Task requirements:
Pull from the data below each line where the word "Prod" occurs, and copy it.

Data in this exercise:
(* A smooth cubic surface over $\mathbb{Q}$ that does not contain three pairwise disjoint lines defined over $\mathbb{Q}$ cannot contain exactly four lines defined over $\mathbb{Q}$.
   Context: A line on the surface is defined over $\mathbb{Q}$ if it is cut out by linear forms with rational coefficients and is contained in the surface. *)

theory Defs
  imports Complex_Main
begin

text \<open>Homogeneous coordinates of P^3 are represented by functions nat => field,
  only the coordinates 0,1,2,3 being relevant.  A cubic form in x0..x3 with
  rational coefficients is given by its coefficient function on exponent
  vectors (a,b,c,d) with a+b+c+d = 3.\<close>

type_synonym cubic_form = "nat \<times> nat \<times> nat \<times> nat \<Rightarrow> rat"

definition monos3 :: "(nat \<times> nat \<times> nat \<times> nat) set" where
  "monos3 = {(a,b,c,d). a + b + c + d = 3}"

definition expo :: "nat \<times> nat \<times> nat \<times> nat \<Rightarrow> nat \<Rightarrow> nat" where
  "expo m k = (case m of (a,b,c,d) \<Rightarrow> [a,b,c,d] ! k)"

definition cubic_eval :: "cubic_form \<Rightarrow> (nat \<Rightarrow> complex) \<Rightarrow> complex" where
  "cubic_eval F x = (\<Sum>m\<in>monos3. of_rat (F m) * (\<Prod>k<4. x k ^ expo m k))"

definition cubic_partial :: "cubic_form \<Rightarrow> nat \<Rightarrow> (nat \<Rightarrow> complex) \<Rightarrow> complex" where
  "cubic_partial F j x = (\<Sum>m\<in>monos3. of_rat (F m) * of_nat (expo m j) *
      (\<Prod>k<4. x k ^ (if k = j then expo m k - 1 else expo m k)))"

text \<open>Smooth cubic surface: no point of P^3 over the algebraically closed field C
  (equivalently over the algebraic closure of Q) lies on the surface and is singular.\<close>
definition smooth_cubic :: "cubic_form \<Rightarrow> bool" where
  "smooth_cubic F \<longleftrightarrow>
     \<not> (\<exists>x. (\<exists>i<4. x i \<noteq> 0) \<and> cubic_eval F x = 0 \<and> (\<forall>j<4. cubic_partial F j x = 0))"

definition Q4 :: "(nat \<Rightarrow> rat) set" where
  "Q4 = {v. \<forall>i\<ge>4. v i = 0}"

Exercise solution:
  "cubic_eval F x = (\<Sum>m\<in>monos3. of_rat (F m) * (\<Prod>k<4. x k ^ expo m k))"
      (\<Prod>k<4. x k ^ (if k = j then expo m k - 1 else expo m k)))"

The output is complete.